** Information provided **
(* Let $x_0,\dots,x_n$ be terminal states with finite scalar objective values satisfying $u(x_i)\le u(x_j)$ for all $0\le i<j\le n$. Define $$I_1:=\{i: u(x_i)<u(x_{i+1}),\ 0\le i\le n-1\},\qquad I_2:=\{i: u(x_i)=u(x_{i+1}),\ 0\le i\le n-1\},$$ and $m:=|I_1|$. Introduce two auxiliary states $x_{-1},x_{n+1}$ with $u(x_{-1})=-\infty$ and $u(x_{n+1})=+\infty$. For $\gamma\ge1$ and $r:\{x_{-1},\dots,x_{n+1}\}\to[1/\gamma,1]$, define $$\mathcal{L}_{\rm OP-N}(r):=\sum_{i=0}^{n+1}\mathcal{L}_{\rm OP}(\{x_{i-1},x_i\};r),$$ and let $\widehat R$ be its minimizer over all such $r$. Let $f_1(\alpha):=\alpha^{m+2}\left(1-\frac{4}{\alpha+3}\right)^{n-m}$. The functions $\alpha\mapsto f_1(\alpha)$ and $\gamma\mapsto \gamma^{-1}f_1(\gamma^{1/(m+1)})$ are increasing on $[1,\infty)$ and tend to $+\infty$; let $\gamma_0\ge 1$ be the unique value with $f_1(\gamma_0^{1/(m+1)})=\gamma_0$, and for $\gamma>\gamma_0$ let $\alpha_\gamma>1$ be the unique solution of $f_1(\alpha_\gamma)=\gamma$, and put $\beta_\gamma:=\frac{\alpha_\gamma-1}{\alpha_\gamma+3}$. Then for every $\gamma>\gamma_0$: $$\widehat R(x_0)=\alpha_\gamma\gamma^{-1},\qquad \widehat R(x_{i+1})=\alpha_\gamma\widehat R(x_i)\ (i\in I_1),\qquad \widehat R(x_{i+1})=\beta_\gamma\widehat R(x_i)\ (i\in I_2).$$ Moreover, the minimal value of $\mathcal{L}_{\rm OP-N}$ is strictly decreasing in $\gamma$, so that minimizing $\mathcal{L}_{\rm OP-N}$ with $\gamma$ variable drives $\gamma\to+\infty$, and as $\gamma\to\infty$ one has $\alpha_\gamma\to+\infty$ and $\beta_\gamma\to1$.
   Context: For a pair $X=\{x,x'\}$ of states with objective $u$ and a positive function $r$, the label distribution is $\mathbb{P}_y(x\mid X)=\tfrac12\big(\mathbf{1}[u(x)>u(x')]+\mathbf{1}[u(x)\ge u(x')]\big)$ (symmetrically for $x'$), the model distribution is $\mathbb{P}(x\mid X,r)=r(x)/(r(x)+r(x'))$, and $\mathcal{L}_{\rm OP}(X;r)=\mathrm{KL}(\mathbb{P}_y(\cdot\mid X)\,\|\,\mathbb{P}(\cdot\mid X,r))$. Thus for $u(x)<u(x')$ the loss is $-\log\frac{r(x')}{r(x)+r(x')}$, and for $u(x)=u(x')$ it equals $-\tfrac12\big(\log\frac{r(x)}{r(x)+r(x')}+\log\frac{r(x')}{r(x)+r(x')}\big)-\log 2$. *)

theory Defs
  imports Complex_Main "HOL-Library.Extended_Real"
begin

definition ind :: "bool \<Rightarrow> real" where
  "ind b = (if b then 1 else 0)"

(* label distribution P_y(x | {x,x'}) given objective values u(x)=a, u(x')=b *)
definition label_prob :: "ereal \<Rightarrow> ereal \<Rightarrow> real" where
  "label_prob a b = (ind (a > b) + ind (a \<ge> b)) / 2"

(* model distribution P(x | {x,x'}, r) given r(x)=p, r(x')=q *)
definition model_prob :: "real \<Rightarrow> real \<Rightarrow> real" where
  "model_prob p q = p / (p + q)"

definition kl2 :: "real \<Rightarrow> real \<Rightarrow> real \<Rightarrow> real \<Rightarrow> real" where
  "kl2 p p' q q' = (if p = 0 then 0 else p * ln (p / q)) + (if p' = 0 then 0 else p' * ln (p' / q'))"

(* L_OP({x,x'}; r) with u(x)=a, u(x')=b, r(x)=p, r(x')=q *)
definition L_OP :: "ereal \<Rightarrow> ereal \<Rightarrow> real \<Rightarrow> real \<Rightarrow> real" where
  "L_OP a b p q = kl2 (label_prob a b) (label_prob b a) (model_prob p q) (model_prob q p)"

(* states are indexed by -1..n+1; u(x_{-1}) = -\<infinity>, u(x_{n+1}) = +\<infinity> *)
definition Uext :: "nat \<Rightarrow> (nat \<Rightarrow> real) \<Rightarrow> int \<Rightarrow> ereal" where
  "Uext n u i = (if i < 0 then -\<infinity> else if i > int n then \<infinity> else ereal (u (nat i)))"

definition I1 :: "nat \<Rightarrow> (nat \<Rightarrow> real) \<Rightarrow> nat set" where
  "I1 n u = {i. i < n \<and> u i < u (Suc i)}"

definition I2 :: "nat \<Rightarrow> (nat \<Rightarrow> real) \<Rightarrow> nat set" where
  "I2 n u = {i. i < n \<and> u i = u (Suc i)}"

definition L_OPN :: "nat \<Rightarrow> (nat \<Rightarrow> real) \<Rightarrow> (int \<Rightarrow> real) \<Rightarrow> real" where
  "L_OPN n u r = (\<Sum>i\<in>{0..int n + 1}. L_OP (Uext n u (i - 1)) (Uext n u i) (r (i - 1)) (r i))"

definition admissible :: "real \<Rightarrow> nat \<Rightarrow> (int \<Rightarrow> real) \<Rightarrow> bool" where
  "admissible \<gamma> n r = (\<forall>i\<in>{-1..int n + 1}. r i \<in> {1/\<gamma>..1})"

definition is_minimizer :: "real \<Rightarrow> nat \<Rightarrow> (nat \<Rightarrow> real) \<Rightarrow> (int \<Rightarrow> real) \<Rightarrow> bool" where
  "is_minimizer \<gamma> n u r = (admissible \<gamma> n r \<and> (\<forall>r'. admissible \<gamma> n r' \<longrightarrow> L_OPN n u r \<le> L_OPN n u r'))"

definition Lmin :: "real \<Rightarrow> nat \<Rightarrow> (nat \<Rightarrow> real) \<Rightarrow> real" where
  "Lmin \<gamma> n u = Inf (L_OPN n u ` {r. admissible \<gamma> n r})"

definition f1 :: "nat \<Rightarrow> nat \<Rightarrow> real \<Rightarrow> real" where
  "f1 n m \<alpha> = \<alpha> ^ (m + 2) * (1 - 4 / (\<alpha> + 3)) ^ (n - m)"

definition alpha_gamma :: "nat \<Rightarrow> nat \<Rightarrow> real \<Rightarrow> real" where
  "alpha_gamma n m \<gamma> = (THE \<alpha>. \<alpha> > 1 \<and> f1 n m \<alpha> = \<gamma>)"

definition beta_of :: "real \<Rightarrow> real" where
  "beta_of \<alpha> = (\<alpha> - 1) / (\<alpha> + 3)"

end

(* Every summand of L_OPN depends only on the ratio t_j = r x_j / r x_(j-1) along edge j: it
   is ln (1 + t) - ln t on a strict edge and ln (1 + t) - ln 2 - (ln t) / 2 on a tie, while
   admissibility forces the product of all t_j, which is r x_(n+1) / r x_(-1), to be at most
   gamma. With the Lagrange term (ln t_j) / (1 + alpha) added, each summand is uniquely minimal at
   t_j = alpha on strict edges and at t_j = beta on ties, by strict concavity of ln. The product
   of these ratios is alpha^(m+2) beta^(n-m) = f1 alpha, so alpha = alpha_gamma spends the whole
   budget, and the chain they generate from r x_(-1) = 1 / gamma stays inside [1 / gamma, 1]
   as soon as alpha beta^(n-m) > 1, which is what gamma > gamma0 amounts to. Equality in the
   Lagrangian bound forces every ratio and r x_(-1) = 1 / gamma; a larger gamma leaves the old
   minimiser admissible but no longer optimal, so the minimal loss strictly decreases. *)

theory Submission
  imports Defs "HOL-Real_Asymp.Real_Asymp"
begin

lemma weighted_ln_less_ln_convex_comb:
  fixes w s :: real
  assumes "0 < w" "w < 1" "0 < s" "s \<noteq> 1"
  shows "w * ln s < ln (1 - w + w * s)"
proof -
  define M where "M = 1 - w + w * s"
  have M: "0 < M" "M \<noteq> 1"
    using assms by (auto simp: M_def add_pos_nonneg)
  have "ln s - ln M \<le> (s - M) / M"
    using ln_diff_le[OF \<open>0 < s\<close> \<open>0 < M\<close>] .
  moreover have "ln 1 - ln M < (1 - M) / M"
    using ln_diff_less[of 1 M] M by auto
  ultimately have "w * (ln s - ln M) + (1 - w) * (ln 1 - ln M)
      < w * ((s - M) / M) + (1 - w) * ((1 - M) / M)"
    using assms by (intro add_le_less_mono mult_left_mono mult_strict_left_mono) auto
  also have "\<dots> = 0"
    using M by (simp add: M_def field_simps)
  finally show ?thesis
    by (simp add: M_def algebra_simps)
qed

lemma ln_one_plus_tangent_less:
  fixes a t :: real
  assumes "0 < a" "0 < t" "t \<noteq> a"
  shows "ln (1 + a) - a / (1 + a) * ln a < ln (1 + t) - a / (1 + a) * ln t"
proof -
  have "a / (1 + a) * ln (t / a) < ln (1 - a / (1 + a) + a / (1 + a) * (t / a))"
    using assms by (intro weighted_ln_less_ln_convex_comb) auto
  also have "1 - a / (1 + a) + a / (1 + a) * (t / a) = (1 + t) / (1 + a)"
    using assms by (simp add: field_simps)
  finally have "a / (1 + a) * (ln t - ln a) < ln (1 + t) - ln (1 + a)"
    using assms by (simp add: ln_div)
  then show ?thesis
    by (simp add: right_diff_distrib)
qed

lemma sum_ge_under_sum_ln_constraint:
  fixes \<phi> :: "'a \<Rightarrow> real \<Rightarrow> real" and \<rho> t :: "'a \<Rightarrow> real"
  assumes "finite J" "0 \<le> c"
    and tangent: "\<And>j s. j \<in> J \<Longrightarrow> 0 < s \<Longrightarrow> s \<noteq> \<rho> j \<Longrightarrow> \<phi> j (\<rho> j) + c * ln (\<rho> j) < \<phi> j s + c * ln s"
    and t_pos: "\<And>j. j \<in> J \<Longrightarrow> 0 < t j"
    and budget: "(\<Sum>j\<in>J. ln (t j)) \<le> (\<Sum>j\<in>J. ln (\<rho> j))"
  shows "(\<Sum>j\<in>J. \<phi> j (\<rho> j)) \<le> (\<Sum>j\<in>J. \<phi> j (t j))"
    and "(\<Sum>j\<in>J. \<phi> j (t j)) \<le> (\<Sum>j\<in>J. \<phi> j (\<rho> j)) \<Longrightarrow> \<forall>j\<in>J. t j = \<rho> j"
proof -
  have pointwise: "\<forall>j\<in>J. \<phi> j (\<rho> j) + c * ln (\<rho> j) \<le> \<phi> j (t j) + c * ln (t j)"
    using tangent t_pos by (metis order.refl order.strict_implies_order)
  have slack: "c * (\<Sum>j\<in>J. ln (t j)) \<le> c * (\<Sum>j\<in>J. ln (\<rho> j))"
    using budget \<open>0 \<le> c\<close> by (rule mult_left_mono)
  have "(\<Sum>j\<in>J. \<phi> j (\<rho> j)) + c * (\<Sum>j\<in>J. ln (\<rho> j)) \<le> (\<Sum>j\<in>J. \<phi> j (t j)) + c * (\<Sum>j\<in>J. ln (t j))"
    using sum_mono[OF pointwise[rule_format]] by (simp add: sum.distrib sum_distrib_left)
  with slack show "(\<Sum>j\<in>J. \<phi> j (\<rho> j)) \<le> (\<Sum>j\<in>J. \<phi> j (t j))"
    by linarith
  show "\<forall>j\<in>J. t j = \<rho> j" if "(\<Sum>j\<in>J. \<phi> j (t j)) \<le> (\<Sum>j\<in>J. \<phi> j (\<rho> j))"
  proof (rule ccontr)
    assume "\<not> (\<forall>j\<in>J. t j = \<rho> j)"
    then have "\<exists>j\<in>J. \<phi> j (\<rho> j) + c * ln (\<rho> j) < \<phi> j (t j) + c * ln (t j)"
      using tangent t_pos by metis
    then have "(\<Sum>j\<in>J. \<phi> j (\<rho> j)) + c * (\<Sum>j\<in>J. ln (\<rho> j)) < (\<Sum>j\<in>J. \<phi> j (t j)) + c * (\<Sum>j\<in>J. ln (t j))"
      using sum_strict_mono_ex1[OF \<open>finite J\<close> pointwise] by (simp add: sum.distrib sum_distrib_left)
    with slack that show False
      by linarith
  qed
qed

** What is expected **
Read the data above. Pull out each line in which the string "product" appears.

** Task answer **
   admissibility forces the product of all t_j, which is r x_(n+1) / r x_(-1), to be at most
   t_j = alpha on strict edges and at t_j = beta on ties, by strict concavity of ln. The product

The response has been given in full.